▸ **Exercise directions**: Pull each line with the string "forall" from the entries.

▸ **Data shown**:
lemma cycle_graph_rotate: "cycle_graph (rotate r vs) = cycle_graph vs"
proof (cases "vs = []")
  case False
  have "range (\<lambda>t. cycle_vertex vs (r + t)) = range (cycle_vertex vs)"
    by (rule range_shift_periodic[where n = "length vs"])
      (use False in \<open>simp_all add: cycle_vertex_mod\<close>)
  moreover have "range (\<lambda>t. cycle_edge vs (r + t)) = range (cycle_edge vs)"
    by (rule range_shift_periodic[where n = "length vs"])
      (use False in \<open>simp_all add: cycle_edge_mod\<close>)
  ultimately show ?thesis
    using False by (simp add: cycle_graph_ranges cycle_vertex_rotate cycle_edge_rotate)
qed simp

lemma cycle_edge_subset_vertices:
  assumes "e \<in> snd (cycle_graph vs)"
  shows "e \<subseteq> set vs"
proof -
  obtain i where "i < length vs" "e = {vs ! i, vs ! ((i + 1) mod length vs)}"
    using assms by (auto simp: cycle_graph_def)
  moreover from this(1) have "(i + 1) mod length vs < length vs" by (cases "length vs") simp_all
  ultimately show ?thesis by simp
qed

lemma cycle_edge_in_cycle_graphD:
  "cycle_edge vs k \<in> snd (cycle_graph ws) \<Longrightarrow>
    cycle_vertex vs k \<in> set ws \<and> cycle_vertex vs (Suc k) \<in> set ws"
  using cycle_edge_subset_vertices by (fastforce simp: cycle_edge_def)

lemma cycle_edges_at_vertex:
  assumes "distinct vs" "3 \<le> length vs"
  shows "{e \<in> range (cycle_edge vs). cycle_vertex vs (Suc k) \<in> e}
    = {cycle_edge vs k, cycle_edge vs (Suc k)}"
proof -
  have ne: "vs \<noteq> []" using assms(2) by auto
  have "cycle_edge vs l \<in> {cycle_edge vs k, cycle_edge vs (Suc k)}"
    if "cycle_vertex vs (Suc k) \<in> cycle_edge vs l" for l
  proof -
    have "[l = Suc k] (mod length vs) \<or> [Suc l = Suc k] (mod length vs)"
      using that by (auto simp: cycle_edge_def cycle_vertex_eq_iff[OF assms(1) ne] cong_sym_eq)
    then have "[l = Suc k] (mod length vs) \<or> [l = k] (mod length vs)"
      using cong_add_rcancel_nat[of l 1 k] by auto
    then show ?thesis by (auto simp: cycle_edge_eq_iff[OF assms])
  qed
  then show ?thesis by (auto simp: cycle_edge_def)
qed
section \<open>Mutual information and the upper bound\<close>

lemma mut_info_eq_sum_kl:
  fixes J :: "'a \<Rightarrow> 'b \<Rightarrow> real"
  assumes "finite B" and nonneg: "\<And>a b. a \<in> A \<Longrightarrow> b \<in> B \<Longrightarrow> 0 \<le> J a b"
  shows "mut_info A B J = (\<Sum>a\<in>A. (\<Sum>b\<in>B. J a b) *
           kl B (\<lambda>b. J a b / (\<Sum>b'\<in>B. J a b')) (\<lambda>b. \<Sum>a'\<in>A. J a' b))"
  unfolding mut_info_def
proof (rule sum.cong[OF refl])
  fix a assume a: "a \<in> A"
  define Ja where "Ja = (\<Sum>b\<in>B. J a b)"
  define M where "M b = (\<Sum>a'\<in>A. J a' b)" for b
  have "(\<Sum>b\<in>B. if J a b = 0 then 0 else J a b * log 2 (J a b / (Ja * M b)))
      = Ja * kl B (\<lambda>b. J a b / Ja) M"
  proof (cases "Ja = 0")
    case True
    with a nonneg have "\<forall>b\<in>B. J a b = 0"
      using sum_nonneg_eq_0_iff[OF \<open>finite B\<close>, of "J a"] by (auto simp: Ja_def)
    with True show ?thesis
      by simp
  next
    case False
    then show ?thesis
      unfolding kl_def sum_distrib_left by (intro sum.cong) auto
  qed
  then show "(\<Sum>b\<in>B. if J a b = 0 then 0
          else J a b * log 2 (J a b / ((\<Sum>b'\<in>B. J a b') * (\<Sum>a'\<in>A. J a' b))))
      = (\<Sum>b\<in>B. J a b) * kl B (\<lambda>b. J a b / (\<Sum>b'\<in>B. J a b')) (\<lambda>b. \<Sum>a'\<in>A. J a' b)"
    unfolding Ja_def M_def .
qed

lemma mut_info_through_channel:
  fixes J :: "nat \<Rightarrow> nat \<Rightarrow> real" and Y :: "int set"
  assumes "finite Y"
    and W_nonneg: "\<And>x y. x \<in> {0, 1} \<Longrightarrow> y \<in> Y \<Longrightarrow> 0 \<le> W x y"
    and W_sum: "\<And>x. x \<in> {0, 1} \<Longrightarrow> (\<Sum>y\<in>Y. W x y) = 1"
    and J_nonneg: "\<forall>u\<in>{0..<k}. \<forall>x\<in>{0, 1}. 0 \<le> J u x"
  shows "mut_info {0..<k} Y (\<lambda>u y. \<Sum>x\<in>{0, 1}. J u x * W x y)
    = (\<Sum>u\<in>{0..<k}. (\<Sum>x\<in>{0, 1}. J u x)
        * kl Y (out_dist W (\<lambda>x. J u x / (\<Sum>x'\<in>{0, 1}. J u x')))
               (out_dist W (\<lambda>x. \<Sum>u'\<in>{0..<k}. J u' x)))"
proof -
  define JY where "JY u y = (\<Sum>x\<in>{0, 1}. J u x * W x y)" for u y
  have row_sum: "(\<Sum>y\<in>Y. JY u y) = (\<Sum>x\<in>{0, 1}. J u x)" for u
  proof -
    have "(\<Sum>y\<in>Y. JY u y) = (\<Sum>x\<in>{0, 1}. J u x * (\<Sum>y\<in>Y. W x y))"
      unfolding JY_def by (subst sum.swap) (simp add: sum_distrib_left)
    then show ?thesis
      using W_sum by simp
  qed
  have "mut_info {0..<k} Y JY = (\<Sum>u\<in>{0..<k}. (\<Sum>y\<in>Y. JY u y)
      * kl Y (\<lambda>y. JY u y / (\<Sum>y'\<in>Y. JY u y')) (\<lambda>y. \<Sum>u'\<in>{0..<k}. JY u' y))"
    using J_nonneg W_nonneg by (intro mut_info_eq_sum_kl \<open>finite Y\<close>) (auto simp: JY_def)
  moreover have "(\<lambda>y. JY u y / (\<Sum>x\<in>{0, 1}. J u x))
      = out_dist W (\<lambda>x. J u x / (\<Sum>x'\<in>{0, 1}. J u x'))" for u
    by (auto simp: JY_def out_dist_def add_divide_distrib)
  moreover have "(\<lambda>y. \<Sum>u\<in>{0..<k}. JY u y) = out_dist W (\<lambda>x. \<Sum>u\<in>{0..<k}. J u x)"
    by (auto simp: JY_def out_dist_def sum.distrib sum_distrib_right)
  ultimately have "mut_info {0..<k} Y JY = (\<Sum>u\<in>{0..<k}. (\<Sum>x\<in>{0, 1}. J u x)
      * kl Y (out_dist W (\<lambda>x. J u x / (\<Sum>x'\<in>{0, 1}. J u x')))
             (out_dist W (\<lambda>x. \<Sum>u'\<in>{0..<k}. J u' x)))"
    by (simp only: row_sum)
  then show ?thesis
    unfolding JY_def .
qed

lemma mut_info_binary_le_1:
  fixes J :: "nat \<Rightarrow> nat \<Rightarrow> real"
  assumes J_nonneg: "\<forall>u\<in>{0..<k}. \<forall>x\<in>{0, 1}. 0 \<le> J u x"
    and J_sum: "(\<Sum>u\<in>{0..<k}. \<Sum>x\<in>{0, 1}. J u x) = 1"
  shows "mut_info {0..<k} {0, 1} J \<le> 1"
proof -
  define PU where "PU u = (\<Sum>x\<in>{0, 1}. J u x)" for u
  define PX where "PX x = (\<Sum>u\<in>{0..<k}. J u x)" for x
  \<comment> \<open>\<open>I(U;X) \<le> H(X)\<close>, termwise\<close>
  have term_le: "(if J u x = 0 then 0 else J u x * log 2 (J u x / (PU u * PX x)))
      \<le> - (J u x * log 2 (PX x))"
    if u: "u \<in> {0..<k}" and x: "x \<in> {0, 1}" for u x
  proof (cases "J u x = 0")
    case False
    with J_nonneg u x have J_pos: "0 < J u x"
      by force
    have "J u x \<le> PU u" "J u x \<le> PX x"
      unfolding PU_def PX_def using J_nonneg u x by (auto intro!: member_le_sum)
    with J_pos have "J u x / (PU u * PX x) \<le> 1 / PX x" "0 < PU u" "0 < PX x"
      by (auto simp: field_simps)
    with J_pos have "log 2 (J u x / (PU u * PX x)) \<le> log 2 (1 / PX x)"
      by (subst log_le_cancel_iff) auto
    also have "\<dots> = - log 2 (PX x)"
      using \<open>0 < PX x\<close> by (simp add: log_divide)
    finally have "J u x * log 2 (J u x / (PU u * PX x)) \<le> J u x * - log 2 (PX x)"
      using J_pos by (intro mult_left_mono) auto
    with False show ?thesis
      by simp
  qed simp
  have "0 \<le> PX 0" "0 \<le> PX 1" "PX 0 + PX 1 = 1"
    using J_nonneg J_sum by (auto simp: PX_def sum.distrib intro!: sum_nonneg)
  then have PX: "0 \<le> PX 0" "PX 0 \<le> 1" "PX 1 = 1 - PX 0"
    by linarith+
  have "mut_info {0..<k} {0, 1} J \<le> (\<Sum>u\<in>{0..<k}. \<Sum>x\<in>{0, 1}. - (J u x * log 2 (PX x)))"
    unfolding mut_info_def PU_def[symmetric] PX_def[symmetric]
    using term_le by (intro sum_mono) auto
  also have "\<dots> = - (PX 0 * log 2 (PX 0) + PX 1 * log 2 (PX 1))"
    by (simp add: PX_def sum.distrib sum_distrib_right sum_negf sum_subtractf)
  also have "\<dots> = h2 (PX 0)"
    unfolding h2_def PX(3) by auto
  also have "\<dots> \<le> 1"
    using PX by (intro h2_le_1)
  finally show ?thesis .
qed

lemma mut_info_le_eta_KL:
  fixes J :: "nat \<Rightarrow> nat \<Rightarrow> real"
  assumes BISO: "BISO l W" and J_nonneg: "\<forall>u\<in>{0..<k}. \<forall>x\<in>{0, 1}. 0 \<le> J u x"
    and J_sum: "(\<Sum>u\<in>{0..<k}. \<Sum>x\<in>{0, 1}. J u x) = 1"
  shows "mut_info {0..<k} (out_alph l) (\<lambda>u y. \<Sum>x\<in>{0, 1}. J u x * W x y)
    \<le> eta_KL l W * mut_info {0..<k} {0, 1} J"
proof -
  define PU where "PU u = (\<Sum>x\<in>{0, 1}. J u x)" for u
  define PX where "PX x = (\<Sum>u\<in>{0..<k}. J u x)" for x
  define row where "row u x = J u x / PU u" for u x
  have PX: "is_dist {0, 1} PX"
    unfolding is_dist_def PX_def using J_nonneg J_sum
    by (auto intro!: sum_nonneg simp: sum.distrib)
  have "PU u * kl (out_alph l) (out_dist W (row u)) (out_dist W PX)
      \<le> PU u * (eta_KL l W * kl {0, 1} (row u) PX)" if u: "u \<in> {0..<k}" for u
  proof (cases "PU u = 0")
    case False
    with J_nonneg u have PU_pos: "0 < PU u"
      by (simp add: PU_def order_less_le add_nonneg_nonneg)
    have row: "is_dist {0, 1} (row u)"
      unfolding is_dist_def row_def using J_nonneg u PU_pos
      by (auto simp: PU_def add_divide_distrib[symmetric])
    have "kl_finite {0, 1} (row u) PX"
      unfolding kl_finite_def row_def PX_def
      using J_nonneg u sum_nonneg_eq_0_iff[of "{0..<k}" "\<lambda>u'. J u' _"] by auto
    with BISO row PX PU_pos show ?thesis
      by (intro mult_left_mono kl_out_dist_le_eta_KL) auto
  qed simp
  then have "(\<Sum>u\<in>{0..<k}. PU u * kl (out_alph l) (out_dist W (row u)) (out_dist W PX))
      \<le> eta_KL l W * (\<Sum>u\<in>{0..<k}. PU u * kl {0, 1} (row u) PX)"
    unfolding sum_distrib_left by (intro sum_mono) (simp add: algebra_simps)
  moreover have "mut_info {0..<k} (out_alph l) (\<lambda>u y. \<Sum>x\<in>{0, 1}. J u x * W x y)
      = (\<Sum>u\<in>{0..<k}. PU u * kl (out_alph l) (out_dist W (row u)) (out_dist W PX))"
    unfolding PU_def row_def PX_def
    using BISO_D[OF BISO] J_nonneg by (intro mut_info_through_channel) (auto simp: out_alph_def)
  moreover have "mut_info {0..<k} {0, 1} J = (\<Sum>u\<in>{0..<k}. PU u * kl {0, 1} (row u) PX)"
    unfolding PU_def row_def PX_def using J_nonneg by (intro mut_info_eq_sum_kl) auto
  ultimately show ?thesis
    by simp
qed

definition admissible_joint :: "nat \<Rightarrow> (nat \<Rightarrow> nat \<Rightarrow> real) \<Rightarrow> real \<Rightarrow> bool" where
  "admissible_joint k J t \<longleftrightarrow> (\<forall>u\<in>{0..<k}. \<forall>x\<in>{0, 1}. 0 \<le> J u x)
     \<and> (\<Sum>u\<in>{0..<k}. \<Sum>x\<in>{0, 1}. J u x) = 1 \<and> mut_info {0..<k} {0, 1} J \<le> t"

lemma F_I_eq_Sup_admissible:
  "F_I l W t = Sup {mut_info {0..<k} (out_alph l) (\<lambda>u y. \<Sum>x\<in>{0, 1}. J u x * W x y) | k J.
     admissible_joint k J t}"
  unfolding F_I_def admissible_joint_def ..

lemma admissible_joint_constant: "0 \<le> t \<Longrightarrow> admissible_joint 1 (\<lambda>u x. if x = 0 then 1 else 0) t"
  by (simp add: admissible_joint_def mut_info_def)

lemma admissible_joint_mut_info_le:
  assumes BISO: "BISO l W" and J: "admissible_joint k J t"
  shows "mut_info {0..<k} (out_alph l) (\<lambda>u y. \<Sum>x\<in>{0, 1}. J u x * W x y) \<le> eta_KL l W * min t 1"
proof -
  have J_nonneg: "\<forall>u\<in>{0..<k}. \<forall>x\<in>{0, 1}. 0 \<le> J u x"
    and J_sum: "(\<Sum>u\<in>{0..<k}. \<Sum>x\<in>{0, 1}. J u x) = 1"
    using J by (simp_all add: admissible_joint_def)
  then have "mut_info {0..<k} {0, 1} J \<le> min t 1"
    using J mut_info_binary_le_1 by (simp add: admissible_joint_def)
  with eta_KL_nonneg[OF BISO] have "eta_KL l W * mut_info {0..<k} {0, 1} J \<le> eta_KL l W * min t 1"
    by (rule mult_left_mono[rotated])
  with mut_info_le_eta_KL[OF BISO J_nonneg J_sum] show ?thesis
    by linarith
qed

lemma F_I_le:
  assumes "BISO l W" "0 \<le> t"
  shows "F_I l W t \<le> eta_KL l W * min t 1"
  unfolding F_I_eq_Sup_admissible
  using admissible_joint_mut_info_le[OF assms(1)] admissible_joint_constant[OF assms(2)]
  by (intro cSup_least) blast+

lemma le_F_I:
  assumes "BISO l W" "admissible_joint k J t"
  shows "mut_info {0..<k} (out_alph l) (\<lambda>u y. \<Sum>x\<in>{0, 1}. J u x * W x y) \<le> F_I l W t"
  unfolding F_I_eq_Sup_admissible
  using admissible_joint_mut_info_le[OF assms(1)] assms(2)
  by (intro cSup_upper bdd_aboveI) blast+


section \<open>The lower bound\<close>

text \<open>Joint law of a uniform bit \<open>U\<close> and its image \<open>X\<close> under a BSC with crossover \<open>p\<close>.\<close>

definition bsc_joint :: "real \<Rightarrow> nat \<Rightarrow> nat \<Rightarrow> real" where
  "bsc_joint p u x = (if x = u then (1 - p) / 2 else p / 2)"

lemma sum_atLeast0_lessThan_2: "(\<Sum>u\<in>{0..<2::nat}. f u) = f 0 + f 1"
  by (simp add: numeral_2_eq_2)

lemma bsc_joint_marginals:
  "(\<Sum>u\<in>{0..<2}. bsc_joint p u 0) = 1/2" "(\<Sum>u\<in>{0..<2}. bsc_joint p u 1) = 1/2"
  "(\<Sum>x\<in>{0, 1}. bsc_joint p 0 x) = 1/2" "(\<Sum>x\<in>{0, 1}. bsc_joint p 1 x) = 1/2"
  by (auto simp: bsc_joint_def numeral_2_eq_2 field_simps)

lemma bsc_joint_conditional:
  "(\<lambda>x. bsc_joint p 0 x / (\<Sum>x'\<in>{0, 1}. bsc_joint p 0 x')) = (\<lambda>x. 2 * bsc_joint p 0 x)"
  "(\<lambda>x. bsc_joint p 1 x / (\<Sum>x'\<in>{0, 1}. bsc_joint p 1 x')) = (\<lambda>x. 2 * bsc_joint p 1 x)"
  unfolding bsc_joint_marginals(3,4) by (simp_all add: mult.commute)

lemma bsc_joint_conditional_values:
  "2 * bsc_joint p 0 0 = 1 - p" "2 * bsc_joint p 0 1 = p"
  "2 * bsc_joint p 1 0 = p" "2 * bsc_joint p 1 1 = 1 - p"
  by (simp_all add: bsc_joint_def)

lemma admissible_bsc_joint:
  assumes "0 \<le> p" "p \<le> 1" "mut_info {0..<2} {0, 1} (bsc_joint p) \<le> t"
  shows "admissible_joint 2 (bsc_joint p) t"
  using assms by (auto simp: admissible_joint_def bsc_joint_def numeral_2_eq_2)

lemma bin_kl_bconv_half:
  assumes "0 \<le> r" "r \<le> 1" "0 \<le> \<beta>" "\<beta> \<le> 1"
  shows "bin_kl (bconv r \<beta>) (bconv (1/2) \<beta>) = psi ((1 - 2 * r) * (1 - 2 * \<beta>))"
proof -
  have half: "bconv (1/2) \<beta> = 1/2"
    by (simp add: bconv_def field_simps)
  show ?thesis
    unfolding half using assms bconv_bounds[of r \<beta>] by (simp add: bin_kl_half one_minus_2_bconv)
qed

▸ **Written answer**:
    with a nonneg have "\<forall>b\<in>B. J a b = 0"
    and J_nonneg: "\<forall>u\<in>{0..<k}. \<forall>x\<in>{0, 1}. 0 \<le> J u x"
  assumes J_nonneg: "\<forall>u\<in>{0..<k}. \<forall>x\<in>{0, 1}. 0 \<le> J u x"
  assumes BISO: "BISO l W" and J_nonneg: "\<forall>u\<in>{0..<k}. \<forall>x\<in>{0, 1}. 0 \<le> J u x"
  "admissible_joint k J t \<longleftrightarrow> (\<forall>u\<in>{0..<k}. \<forall>x\<in>{0, 1}. 0 \<le> J u x)
  have J_nonneg: "\<forall>u\<in>{0..<k}. \<forall>x\<in>{0, 1}. 0 \<le> J u x"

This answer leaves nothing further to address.